__TASK OBJECTIVE__.
Since only the total matters, count the lines of these entries containing the word "pointwise" and write that total alone.
══ MATERIAL SHOWN
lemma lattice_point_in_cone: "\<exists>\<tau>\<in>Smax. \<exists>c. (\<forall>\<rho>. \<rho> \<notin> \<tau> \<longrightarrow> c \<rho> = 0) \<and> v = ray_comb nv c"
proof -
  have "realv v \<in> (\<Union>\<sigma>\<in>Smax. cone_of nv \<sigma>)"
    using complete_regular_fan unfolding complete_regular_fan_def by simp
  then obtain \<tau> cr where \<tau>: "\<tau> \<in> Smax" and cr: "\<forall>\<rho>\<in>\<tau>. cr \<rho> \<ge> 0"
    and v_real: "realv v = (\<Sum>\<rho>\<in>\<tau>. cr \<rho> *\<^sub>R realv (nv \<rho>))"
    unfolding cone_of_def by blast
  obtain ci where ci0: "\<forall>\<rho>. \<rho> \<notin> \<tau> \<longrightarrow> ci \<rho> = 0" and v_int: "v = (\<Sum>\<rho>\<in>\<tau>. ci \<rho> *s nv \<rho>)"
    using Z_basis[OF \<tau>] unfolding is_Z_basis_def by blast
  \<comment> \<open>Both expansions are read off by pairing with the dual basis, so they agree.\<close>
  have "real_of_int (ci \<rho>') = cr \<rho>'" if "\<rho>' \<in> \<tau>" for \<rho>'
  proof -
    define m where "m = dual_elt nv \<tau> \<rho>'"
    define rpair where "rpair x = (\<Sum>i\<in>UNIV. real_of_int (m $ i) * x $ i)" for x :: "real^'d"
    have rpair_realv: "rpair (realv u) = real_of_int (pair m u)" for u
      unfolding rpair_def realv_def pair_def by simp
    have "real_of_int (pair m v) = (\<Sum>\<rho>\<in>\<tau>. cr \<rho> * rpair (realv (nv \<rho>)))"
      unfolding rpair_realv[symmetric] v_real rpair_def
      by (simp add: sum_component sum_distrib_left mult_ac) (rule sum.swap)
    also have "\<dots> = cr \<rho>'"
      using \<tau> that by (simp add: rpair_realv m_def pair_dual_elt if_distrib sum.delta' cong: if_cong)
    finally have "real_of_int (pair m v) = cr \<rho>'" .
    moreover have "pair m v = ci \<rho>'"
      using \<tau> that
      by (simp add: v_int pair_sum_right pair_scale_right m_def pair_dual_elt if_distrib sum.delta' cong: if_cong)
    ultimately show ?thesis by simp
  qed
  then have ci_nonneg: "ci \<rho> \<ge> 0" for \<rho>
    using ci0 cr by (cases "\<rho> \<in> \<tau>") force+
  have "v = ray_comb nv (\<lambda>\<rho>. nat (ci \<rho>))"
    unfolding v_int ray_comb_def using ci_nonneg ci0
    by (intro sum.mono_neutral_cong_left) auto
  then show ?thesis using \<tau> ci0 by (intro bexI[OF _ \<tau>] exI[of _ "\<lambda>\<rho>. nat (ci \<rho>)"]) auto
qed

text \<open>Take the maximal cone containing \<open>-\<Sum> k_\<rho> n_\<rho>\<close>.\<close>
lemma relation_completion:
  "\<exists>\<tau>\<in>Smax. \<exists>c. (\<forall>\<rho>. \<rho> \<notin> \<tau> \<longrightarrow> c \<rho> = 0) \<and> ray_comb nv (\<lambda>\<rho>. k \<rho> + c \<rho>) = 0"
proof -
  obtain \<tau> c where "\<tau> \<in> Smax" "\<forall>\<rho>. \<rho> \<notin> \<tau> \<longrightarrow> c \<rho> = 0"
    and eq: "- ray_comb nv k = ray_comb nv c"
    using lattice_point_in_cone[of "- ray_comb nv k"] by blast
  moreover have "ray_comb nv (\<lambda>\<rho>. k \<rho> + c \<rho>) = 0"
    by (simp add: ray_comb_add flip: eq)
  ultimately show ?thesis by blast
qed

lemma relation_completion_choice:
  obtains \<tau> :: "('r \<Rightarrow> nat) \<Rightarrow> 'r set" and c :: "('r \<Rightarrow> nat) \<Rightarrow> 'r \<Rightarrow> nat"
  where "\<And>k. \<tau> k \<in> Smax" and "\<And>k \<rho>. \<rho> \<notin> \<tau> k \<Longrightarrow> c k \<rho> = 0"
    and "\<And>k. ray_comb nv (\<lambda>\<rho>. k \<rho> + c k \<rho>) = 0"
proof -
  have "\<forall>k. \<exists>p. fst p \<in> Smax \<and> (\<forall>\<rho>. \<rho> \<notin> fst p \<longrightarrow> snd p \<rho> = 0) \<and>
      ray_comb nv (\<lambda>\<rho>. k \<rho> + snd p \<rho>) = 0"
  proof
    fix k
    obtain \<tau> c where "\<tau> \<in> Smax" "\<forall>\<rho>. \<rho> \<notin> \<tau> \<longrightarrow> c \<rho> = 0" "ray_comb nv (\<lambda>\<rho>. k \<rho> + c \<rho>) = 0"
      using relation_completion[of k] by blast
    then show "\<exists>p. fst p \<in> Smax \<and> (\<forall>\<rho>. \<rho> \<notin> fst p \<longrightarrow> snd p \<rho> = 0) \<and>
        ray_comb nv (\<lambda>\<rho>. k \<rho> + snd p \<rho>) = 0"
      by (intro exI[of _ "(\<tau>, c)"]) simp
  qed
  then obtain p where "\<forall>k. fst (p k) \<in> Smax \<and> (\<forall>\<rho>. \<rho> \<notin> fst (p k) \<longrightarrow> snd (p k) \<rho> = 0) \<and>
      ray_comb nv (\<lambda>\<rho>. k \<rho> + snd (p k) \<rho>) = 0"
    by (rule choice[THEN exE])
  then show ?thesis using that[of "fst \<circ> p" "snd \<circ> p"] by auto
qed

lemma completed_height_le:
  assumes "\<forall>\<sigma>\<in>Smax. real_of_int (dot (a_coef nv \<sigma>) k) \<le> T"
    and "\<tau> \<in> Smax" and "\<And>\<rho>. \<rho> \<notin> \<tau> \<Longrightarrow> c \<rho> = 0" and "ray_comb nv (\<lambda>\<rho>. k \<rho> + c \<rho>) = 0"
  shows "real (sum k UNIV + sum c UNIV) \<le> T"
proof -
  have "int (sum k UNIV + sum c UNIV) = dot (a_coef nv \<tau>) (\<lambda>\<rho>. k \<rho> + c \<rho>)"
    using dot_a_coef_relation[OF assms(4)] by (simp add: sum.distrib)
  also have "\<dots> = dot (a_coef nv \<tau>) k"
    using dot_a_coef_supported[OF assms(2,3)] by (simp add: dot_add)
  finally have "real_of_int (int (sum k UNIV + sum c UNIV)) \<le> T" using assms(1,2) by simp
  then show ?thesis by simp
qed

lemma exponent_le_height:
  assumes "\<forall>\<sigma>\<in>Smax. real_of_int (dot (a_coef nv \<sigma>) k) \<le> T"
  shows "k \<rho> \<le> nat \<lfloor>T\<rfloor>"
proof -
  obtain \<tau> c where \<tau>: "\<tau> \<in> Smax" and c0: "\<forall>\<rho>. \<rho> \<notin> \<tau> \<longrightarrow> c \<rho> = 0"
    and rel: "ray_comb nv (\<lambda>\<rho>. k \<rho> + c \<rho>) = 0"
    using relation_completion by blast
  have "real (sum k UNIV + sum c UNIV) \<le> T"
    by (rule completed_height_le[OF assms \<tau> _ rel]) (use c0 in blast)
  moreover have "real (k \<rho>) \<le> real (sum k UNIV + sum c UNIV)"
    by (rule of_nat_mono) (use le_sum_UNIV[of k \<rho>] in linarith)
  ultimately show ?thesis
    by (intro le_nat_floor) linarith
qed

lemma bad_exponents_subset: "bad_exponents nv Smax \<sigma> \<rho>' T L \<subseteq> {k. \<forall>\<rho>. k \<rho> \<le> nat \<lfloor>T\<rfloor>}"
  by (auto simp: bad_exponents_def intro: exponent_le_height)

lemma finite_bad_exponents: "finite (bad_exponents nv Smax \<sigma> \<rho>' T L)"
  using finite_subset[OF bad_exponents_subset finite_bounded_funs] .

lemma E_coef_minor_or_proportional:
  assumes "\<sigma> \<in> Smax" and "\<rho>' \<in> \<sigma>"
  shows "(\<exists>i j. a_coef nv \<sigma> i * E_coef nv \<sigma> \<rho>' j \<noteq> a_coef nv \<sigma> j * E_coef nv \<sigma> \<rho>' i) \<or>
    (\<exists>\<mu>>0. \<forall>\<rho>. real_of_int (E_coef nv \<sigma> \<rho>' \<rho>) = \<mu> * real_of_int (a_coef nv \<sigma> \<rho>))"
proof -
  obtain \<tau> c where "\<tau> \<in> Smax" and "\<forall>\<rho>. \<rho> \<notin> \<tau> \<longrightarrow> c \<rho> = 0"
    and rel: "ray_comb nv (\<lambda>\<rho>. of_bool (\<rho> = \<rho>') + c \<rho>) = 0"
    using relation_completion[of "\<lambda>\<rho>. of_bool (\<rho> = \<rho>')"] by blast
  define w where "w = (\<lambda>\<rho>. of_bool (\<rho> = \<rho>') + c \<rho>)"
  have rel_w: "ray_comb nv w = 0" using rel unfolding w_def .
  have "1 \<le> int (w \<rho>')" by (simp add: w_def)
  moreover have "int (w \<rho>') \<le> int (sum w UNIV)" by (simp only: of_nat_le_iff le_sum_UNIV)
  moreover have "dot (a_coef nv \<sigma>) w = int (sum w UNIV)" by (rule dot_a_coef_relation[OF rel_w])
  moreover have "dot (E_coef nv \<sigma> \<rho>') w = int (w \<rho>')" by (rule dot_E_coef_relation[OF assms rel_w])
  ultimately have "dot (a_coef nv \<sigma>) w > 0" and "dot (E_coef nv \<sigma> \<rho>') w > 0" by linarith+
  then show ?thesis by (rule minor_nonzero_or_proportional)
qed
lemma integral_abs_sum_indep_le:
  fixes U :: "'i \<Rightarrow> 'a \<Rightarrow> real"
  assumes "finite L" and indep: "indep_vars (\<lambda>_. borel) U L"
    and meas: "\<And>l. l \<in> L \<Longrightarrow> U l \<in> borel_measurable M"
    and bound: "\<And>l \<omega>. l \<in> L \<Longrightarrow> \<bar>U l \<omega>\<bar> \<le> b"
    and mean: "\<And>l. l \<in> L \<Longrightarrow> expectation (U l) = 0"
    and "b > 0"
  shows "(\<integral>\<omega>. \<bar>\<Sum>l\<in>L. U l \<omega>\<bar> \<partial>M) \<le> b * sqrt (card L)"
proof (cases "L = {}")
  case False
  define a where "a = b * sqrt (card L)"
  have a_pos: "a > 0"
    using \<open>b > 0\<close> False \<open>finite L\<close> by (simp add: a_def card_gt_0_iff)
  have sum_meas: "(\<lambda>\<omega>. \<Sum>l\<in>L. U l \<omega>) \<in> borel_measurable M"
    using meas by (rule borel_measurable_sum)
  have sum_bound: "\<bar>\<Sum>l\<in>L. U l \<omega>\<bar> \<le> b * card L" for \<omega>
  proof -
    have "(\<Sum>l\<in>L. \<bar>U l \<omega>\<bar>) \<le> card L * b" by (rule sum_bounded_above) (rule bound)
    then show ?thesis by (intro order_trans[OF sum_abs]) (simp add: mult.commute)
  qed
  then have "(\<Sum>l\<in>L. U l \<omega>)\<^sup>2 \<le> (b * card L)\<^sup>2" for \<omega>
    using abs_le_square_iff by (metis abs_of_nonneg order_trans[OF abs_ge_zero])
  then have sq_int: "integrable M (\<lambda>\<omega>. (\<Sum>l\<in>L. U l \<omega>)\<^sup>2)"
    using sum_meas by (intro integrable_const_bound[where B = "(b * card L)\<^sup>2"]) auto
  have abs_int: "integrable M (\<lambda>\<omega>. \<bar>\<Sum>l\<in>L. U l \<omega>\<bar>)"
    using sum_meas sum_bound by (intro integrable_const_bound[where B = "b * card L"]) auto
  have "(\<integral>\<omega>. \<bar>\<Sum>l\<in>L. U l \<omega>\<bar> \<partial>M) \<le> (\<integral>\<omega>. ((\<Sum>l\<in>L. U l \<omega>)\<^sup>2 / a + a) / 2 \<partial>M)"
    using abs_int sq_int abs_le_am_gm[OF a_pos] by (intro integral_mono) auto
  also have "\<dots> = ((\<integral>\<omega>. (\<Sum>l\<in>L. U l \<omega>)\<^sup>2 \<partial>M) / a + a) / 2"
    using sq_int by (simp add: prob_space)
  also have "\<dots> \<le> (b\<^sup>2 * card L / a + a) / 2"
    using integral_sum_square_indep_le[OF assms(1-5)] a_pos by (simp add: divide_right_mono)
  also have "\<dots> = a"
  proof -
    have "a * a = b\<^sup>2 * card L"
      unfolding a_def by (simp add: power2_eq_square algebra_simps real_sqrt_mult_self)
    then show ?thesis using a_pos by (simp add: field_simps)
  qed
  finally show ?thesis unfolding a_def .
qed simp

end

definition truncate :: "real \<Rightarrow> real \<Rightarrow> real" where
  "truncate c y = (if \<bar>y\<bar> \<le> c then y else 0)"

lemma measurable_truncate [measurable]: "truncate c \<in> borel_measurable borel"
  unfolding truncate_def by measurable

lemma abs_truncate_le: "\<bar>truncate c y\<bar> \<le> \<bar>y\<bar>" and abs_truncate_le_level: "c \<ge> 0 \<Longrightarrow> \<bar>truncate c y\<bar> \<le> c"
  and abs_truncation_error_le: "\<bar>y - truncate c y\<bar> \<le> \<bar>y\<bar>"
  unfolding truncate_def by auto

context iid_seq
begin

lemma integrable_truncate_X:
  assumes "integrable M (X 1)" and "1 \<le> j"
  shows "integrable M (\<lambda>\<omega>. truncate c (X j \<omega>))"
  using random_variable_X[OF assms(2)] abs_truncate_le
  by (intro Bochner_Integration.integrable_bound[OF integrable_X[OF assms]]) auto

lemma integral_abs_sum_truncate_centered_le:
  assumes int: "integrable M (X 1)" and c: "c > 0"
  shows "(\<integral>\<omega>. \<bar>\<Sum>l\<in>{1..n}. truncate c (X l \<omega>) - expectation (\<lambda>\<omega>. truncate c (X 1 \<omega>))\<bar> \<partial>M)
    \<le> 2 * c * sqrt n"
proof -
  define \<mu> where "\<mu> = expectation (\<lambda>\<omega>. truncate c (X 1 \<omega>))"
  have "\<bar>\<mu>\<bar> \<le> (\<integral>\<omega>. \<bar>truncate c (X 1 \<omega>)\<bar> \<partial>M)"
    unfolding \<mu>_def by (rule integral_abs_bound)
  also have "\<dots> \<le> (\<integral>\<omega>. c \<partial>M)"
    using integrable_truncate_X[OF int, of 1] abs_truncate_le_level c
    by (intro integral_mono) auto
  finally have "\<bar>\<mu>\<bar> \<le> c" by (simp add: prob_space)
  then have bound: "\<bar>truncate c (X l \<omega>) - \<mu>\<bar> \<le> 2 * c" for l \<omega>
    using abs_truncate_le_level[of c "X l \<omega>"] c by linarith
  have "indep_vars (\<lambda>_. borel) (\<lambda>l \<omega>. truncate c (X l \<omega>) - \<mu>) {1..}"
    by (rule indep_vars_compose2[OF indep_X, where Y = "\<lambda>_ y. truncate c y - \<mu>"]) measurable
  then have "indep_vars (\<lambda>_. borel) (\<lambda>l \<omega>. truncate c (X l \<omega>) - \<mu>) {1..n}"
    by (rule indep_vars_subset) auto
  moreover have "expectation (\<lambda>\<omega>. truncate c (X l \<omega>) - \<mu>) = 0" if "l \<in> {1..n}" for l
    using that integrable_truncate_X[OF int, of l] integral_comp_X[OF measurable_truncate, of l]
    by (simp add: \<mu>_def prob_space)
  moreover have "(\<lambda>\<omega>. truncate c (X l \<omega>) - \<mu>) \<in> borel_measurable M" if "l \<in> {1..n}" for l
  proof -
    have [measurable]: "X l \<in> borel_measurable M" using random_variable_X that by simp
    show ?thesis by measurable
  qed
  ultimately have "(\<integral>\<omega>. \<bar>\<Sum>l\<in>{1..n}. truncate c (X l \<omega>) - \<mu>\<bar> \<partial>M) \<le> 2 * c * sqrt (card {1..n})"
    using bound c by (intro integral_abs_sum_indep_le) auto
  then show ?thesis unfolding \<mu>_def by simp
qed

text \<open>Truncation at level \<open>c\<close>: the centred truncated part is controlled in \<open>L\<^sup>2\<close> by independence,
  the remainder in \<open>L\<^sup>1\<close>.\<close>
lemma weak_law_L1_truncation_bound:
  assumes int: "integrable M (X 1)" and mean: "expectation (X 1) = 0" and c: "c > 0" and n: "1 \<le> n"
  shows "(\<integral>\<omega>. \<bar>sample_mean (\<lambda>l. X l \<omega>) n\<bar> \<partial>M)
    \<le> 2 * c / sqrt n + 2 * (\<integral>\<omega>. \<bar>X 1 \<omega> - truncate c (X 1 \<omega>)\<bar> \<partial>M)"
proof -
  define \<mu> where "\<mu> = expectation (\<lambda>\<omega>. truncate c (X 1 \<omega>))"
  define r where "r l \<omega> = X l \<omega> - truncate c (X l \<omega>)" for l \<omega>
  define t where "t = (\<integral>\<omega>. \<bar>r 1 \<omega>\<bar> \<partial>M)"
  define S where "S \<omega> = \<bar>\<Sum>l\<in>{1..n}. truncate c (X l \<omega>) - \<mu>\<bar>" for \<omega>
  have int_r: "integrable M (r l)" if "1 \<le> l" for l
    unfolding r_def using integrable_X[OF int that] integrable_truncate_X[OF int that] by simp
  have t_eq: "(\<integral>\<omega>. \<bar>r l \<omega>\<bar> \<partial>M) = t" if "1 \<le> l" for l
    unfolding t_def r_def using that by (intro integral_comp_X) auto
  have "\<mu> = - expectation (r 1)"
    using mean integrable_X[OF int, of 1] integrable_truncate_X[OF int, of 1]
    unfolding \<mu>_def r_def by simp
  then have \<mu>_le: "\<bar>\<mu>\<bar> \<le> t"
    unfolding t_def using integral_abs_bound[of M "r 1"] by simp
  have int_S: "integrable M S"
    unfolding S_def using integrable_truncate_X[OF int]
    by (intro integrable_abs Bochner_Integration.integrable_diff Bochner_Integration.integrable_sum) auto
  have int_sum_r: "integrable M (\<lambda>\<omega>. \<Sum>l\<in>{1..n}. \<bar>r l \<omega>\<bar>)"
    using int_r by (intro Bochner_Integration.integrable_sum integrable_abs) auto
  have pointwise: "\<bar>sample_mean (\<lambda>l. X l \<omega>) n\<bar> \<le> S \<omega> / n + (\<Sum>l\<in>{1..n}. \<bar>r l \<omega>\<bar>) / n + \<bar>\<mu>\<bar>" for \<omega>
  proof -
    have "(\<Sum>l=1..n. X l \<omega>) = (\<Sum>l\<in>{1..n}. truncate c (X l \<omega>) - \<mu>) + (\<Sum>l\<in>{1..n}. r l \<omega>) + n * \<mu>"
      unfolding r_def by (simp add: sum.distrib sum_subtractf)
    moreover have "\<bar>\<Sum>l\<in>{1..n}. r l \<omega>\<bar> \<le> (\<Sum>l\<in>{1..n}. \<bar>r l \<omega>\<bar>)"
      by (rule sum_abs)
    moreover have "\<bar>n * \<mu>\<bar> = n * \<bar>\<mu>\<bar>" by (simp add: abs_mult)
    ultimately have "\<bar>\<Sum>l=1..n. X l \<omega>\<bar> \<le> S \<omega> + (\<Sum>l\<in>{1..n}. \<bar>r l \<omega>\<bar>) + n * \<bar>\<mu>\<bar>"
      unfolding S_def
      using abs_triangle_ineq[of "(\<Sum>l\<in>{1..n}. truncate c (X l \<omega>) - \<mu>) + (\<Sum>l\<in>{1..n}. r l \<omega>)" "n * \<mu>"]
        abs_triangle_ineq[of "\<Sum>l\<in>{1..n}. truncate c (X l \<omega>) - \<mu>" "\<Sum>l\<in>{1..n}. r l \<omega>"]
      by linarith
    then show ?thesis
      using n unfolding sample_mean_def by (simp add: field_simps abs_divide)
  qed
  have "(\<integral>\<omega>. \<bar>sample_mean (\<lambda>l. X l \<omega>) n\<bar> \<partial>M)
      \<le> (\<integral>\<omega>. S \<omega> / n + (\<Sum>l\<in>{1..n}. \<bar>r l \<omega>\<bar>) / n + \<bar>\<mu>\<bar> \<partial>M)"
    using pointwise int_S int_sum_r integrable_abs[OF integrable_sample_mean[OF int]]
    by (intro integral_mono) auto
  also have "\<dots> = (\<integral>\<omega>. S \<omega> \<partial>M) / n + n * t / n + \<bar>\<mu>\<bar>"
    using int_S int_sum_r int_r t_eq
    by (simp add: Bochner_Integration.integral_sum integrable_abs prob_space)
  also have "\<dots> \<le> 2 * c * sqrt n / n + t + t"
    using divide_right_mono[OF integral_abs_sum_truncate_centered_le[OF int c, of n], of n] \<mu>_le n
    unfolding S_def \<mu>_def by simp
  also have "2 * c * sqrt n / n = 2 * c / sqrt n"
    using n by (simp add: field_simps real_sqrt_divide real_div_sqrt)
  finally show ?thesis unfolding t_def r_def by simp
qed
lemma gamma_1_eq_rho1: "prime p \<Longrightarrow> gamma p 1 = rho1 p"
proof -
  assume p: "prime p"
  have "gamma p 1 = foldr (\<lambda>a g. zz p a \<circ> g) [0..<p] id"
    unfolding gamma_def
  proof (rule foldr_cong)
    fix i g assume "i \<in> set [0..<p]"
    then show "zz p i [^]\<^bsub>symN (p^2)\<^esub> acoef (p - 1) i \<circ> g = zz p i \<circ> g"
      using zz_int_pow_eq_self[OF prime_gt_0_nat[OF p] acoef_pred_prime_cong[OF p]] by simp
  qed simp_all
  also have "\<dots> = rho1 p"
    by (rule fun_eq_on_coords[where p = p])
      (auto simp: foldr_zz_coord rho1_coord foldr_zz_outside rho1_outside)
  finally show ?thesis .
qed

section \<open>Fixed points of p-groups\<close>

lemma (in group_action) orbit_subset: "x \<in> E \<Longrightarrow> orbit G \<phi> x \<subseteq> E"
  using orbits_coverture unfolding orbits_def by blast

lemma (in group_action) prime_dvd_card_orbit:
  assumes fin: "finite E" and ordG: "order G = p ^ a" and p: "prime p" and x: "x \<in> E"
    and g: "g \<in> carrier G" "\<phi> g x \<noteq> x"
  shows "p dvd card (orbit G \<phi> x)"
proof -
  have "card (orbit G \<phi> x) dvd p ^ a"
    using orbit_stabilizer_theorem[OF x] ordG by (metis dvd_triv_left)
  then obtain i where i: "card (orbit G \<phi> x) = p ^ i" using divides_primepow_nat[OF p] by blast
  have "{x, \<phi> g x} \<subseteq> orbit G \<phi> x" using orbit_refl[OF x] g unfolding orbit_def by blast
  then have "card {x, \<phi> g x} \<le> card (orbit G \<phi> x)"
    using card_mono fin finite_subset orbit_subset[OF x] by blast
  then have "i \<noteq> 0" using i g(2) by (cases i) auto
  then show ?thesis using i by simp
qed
════
__RESPONSE FOR THIS EXERCISE__.
2